Judge Mary A. McLaughlin was appointed to the bench in 2000 by President Clinton. She was formerly an Assistant U.S. Attorney in the District of Columbia, and a special counsel to the Senate Judiciary Subcommittee on terrorism during the Ruby Ridge hearings in 1995.
Judge James B. Zagel was appointed in 1987 by President Reagan. Judge Zagel is “an intelligent, tough-minded jurist,” said the Chicago Council of Lawyers, a public interest association, in a 1991 evaluation. However, “some lawyers are concerned that he will bring a political agenda to bear in certain classes of cases.”
The new appointments were confirmed for Secrecy News today by Sheldon L. Snook of the administrative office at the D.C. District Court.
A new appointment to the Foreign Intelligence Surveillance Court of Review, an appeals court, has not yet been formally announced, he said.

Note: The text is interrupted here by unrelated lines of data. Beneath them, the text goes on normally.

definition s0_a :: "nat \<Rightarrow> (nat \<Rightarrow> real \<Rightarrow> complex) \<Rightarrow> (complex \<Rightarrow> xing) \<Rightarrow> int" where
  "s0_a k \<gamma> dec = int (card {z \<in> dpoints k \<gamma>. xsign k \<gamma> dec z = -1})
                   - int (card {z \<in> dpoints k \<gamma>. xsign k \<gamma> dec z = 1})"

definition s0_alpha :: "nat \<Rightarrow> (nat \<Rightarrow> real \<Rightarrow> complex) \<Rightarrow> (complex \<Rightarrow> xing) \<Rightarrow> nat" where
  "s0_alpha k \<gamma> dec = card {z \<in> dpoints k \<gamma>. dec z = Singular}"

(* Laurent polynomials in A as integer Laurent series; A = fls_X *)
abbreviation Apow :: "int \<Rightarrow> int fls" where
  "Apow i \<equiv> fls_X_intpow i"

(* weighted state contribution without the h factor
   A^(2a+4b) (-A^2-A^-2)^(alpha+||S||) (-A^4-A^-4)^beta *)
definition state_weight :: "int \<Rightarrow> int \<Rightarrow> nat \<Rightarrow> nat \<Rightarrow> nat \<Rightarrow> int fls" where
  "state_weight a b al be n =
     Apow (2*a + 4*b) * (- Apow 2 - Apow (-2)) ^ (al + n) * (- Apow 4 - Apow (-4)) ^ be"

(* Rbar(S_0): b = beta = 0 and i(S_0) = 1, so h^((1-i)/2) = 1 *)
definition Rbar_S0 :: "nat \<Rightarrow> (nat \<Rightarrow> real \<Rightarrow> complex) \<Rightarrow> (complex \<Rightarrow> xing) \<Rightarrow> int fls" where
  "Rbar_S0 k \<gamma> dec = state_weight (s0_a k \<gamma> dec) 0 (s0_alpha k \<gamma> dec) 0 (s0_curves k \<gamma> dec)"

definition in_A4_coset :: "int fls \<Rightarrow> int \<Rightarrow> bool" where
  "in_A4_coset R m \<longleftrightarrow>
     (\<exists>c :: int \<Rightarrow> int. finite {i. c i \<noteq> 0} \<and>
        R = (\<Sum>i \<in> {i. c i \<noteq> 0}. fls_const (c i) * Apow (4*i)) * Apow m)"

end

theory Submission
  imports Defs "HOL-Combinatorics.Orbits" "HOL-Combinatorics.Permutations"
begin

text \<open>
  Let \<open>P\<close> be the set of passages of the curves through classical and singular crossings; there
  are two per crossing, so \<open>|P| = 2c\<close>. Three permutations of \<open>P\<close> matter: the involution \<open>\<sigma>\<close>
  exchanging the two passages of each crossing (\<open>c\<close> orbits), the map \<open>\<nu>\<close> to the next passage
  along the same component (one orbit for each of the \<open>J\<close> components meeting a crossing), and
  \<open>\<sigma> \<circ> \<nu>\<close>, which follows the arcs of \<open>S\<^sub>0\<close> (one orbit per curve of \<open>S\<^sub>0\<close> through a crossing).
  Since \<open>sign \<pi> = (-1)^(|P| + #orbits \<pi>)\<close>, multiplicativity of the sign makes
  \<open>#orbits (\<sigma> \<circ> \<nu>) + c + J\<close> even. With \<open>a \<equiv> c - \<alpha> (mod 2)\<close> and \<open>\<parallel>S\<^sub>0\<parallel> = #orbits (\<sigma> \<circ> \<nu>) + (k - J)\<close> this
  says that \<open>a + \<alpha> + \<parallel>S\<^sub>0\<parallel> - k\<close> is even, which is exactly what puts
  \<open>A^(2a) (-A\<^sup>2 - A^(-2))^(\<alpha> + \<parallel>S\<^sub>0\<parallel>)\<close> into \<open>\<int>[A\<^sup>4, A^(-4)] A^(2k)\<close>.
\<close>

section \<open>Orbit counts and the sign of a permutation\<close>

lemma orbit_transpose_compose:
  assumes inj: "inj f" and fx: "f x \<noteq> x" and yx: "y \<noteq> x"
  shows "orbit (Transposition.transpose x (f x) \<circ> f) y = orbit f y - {x}"
proof -
  define h where "h = Transposition.transpose x (f x) \<circ> f"
  have h: "h z = (if f z = x then f x else if z = x then x else f z)" for z
    by (auto simp: h_def transpose_def inj_eq[OF inj])
  have "z \<in> orbit f y \<and> z \<noteq> x" if "z \<in> orbit h y" for z
    using that by induction (use fx yx in \<open>auto simp: h intro: orbit.intros\<close>)
  moreover have "(z \<noteq> x \<longrightarrow> z \<in> orbit h y) \<and> (z = x \<longrightarrow> f x \<in> orbit h y)"
    if "z \<in> orbit f y" for z
    using that
  proof induction
    case base
    show ?case using orbit.base[of h y] fx yx by (auto simp: h[of y] split: if_splits)
  next
    case (step z)
    show ?case
    proof (cases "z = x")
      case False
      with step have "h z \<in> orbit h y" by (auto intro: orbit.step)
      with False show ?thesis by (auto simp: h[of z] split: if_splits)
    qed (use step fx in auto)
  qed
  ultimately show ?thesis unfolding h_def[symmetric] by blast
qed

But the Providence Journal (RI) reported on April 14 that Judge Morris Sheppard Arnold of the 8th District had been named to the Review Court.
An updated roster of the membership of the Foreign Intelligence Surveillance Court is here.
“During calendar year 2007, the Government made 2,371 applications to the Foreign Intelligence Surveillance Court for authority to conduct electronic surveillance and physical search for foreign intelligence purposes,” the Justice Department told Congress in the latest annual report on FISA activity (pdf).